Interactive Jupyter Notebooks for the visual analysis of critical choices in Global Sensitivity Analysis

Valentina Noacco, Andres Peñuela-Fernandez, Francesca Pianosi, Thorsten Wagener

(Department of Civil Engineering, University of Bristol, UK)

This document provides:

  • a brief introduction to Global Sensitivity Analysis (GSA);
  • a workflow to asssess one of the critical choices needed to set up a GSA application.
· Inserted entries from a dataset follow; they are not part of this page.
lemma u_poly_eq_sum_signed_monom:
  assumes "finite E"
  shows "u_poly E = (\<Sum>e\<in>E. signed_monom (n_arrow E e))"
proof (rule poly_eqI)
  fix j
  have "coeff (u_poly E) j = (if j \<in> {1..card E} then u_k E j else 0)"
    unfolding u_poly_def coeff_sum coeff_monom by simp
  also have "\<dots> = (if j = 0 then 0 else u_k E j)"
    using u_k_eq_0_if_card_less[OF assms, of j] by auto
  also have "\<dots> = coeff (\<Sum>e\<in>E. signed_monom (n_arrow E e)) j"
    by (simp add: coeff_sum coeff_signed_monom u_k_eq_sum[OF assms])
  finally show "coeff (u_poly E) j = coeff (\<Sum>e\<in>E. signed_monom (n_arrow E e)) j" .
qed

lemma poly_u_poly_0: "finite E \<Longrightarrow> poly (u_poly E) 0 = 0"
  by (simp add: u_poly_eq_sum_signed_monom poly_sum poly_signed_monom_0)

lemma poly_pderiv_u_poly_1: "finite E \<Longrightarrow> poly (pderiv (u_poly E)) 1 = (\<Sum>e\<in>E. n_arrow E e)"
  by (simp add: u_poly_eq_sum_signed_monom pderiv_sum poly_sum poly_pderiv_signed_monom_1)

definition circle_order_embedding :: "(real \<Rightarrow> real) \<Rightarrow> bool" where
  "circle_order_embedding \<phi> \<longleftrightarrow>
     strict_mono_on (Collect circle_pt) \<phi> \<and> (\<forall>x. circle_pt x \<longrightarrow> circle_pt (\<phi> x))"

lemma circle_order_embeddingD:
  assumes "circle_order_embedding \<phi>"
  shows "inj_on \<phi> (Collect circle_pt)" "circle_pt x \<Longrightarrow> circle_pt (\<phi> x)"
  using assms unfolding circle_order_embedding_def by (auto intro: strict_mono_on_imp_inj_on)

lemma in_arc_image:
  assumes "circle_order_embedding \<phi>" "circle_pt a" "circle_pt b" "circle_pt c"
  shows "in_arc (\<phi> a) (\<phi> b) (\<phi> c) \<longleftrightarrow> in_arc a b c"
  using assms strict_mono_on_less[of "Collect circle_pt" \<phi>]
  unfolding circle_order_embedding_def by (simp add: in_arc_iff)

lemma links_image:
  assumes "circle_order_embedding \<phi>" "on_circle e" "on_circle f"
  shows "links_pos (map_prod \<phi> \<phi> f) (map_prod \<phi> \<phi> e) \<longleftrightarrow> links_pos f e"
    and "links_neg (map_prod \<phi> \<phi> f) (map_prod \<phi> \<phi> e) \<longleftrightarrow> links_neg f e"
  using assms unfolding on_circle_def links_pos_def links_neg_def
  by (simp_all add: map_prod_def split_beta in_arc_image)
Here we use the SAFE (Sensitivity Analysis For Everybody) toolbox (References 1-2).

The critical choice that will be considered is:

The impact on the GSA results of the definition of the space of variability of the input factors.

In this example we apply the Regional Sensitivity Analysis GSA method to the rainfall-runoff Hymod model.

PART I: Introduction

What is Global Sensitivity Analysis and why shall we use it?

Global Sensitivity Analysis is a set of mathematical techniques which investigate how the uncertainty in the model inputs influences the variability of the model outputs (References 3-4).

The benefits of applying GSA are:

  • Better understanding of the model: Evaluate the model behaviour beyond default set-up

  • “Sanity check” of the model: Test whether the model "behaves well" (model validation)

  • Priorities for uncertainty reduction: Identify the important inputs on which to focus computationally-intensive calibration, acquisition of new data, etc.

  • More transparent and robust decisions: Understand how assumptions about uncertain inputs reflect on the modelling outcome and thus on model-informed decisions

How Global Sensitivity Analysis works

GSA investigates how the uncertainty in the model input factors influences the variability of the model output.

An 'input factor' is any element that can be changed before running the model. In general, input factors could be the model's parameters, forcing input data, but also the very equations implemented in the model or other set-up choices (for instance, the spatial resolution) needed for the model execution on a computer.

An 'output' is any variable that is obtained after the model execution.

The main steps to perform GSA are summarised in the figure below. a. The input factors are sampled from their ranges of variability.

b. The model is repeatedly run against each of the input sampled combinations.

c. The output samples so obtained can be used to characterise the output uncertainty, for instance through a probability distribution or scatter plots.

d. GSA is applied to the input and output samples in order to obtain a set of sensitivity indices. The sensitivity indices measure the relative influence of each input factor on the uncertainty of the output (References 4,5).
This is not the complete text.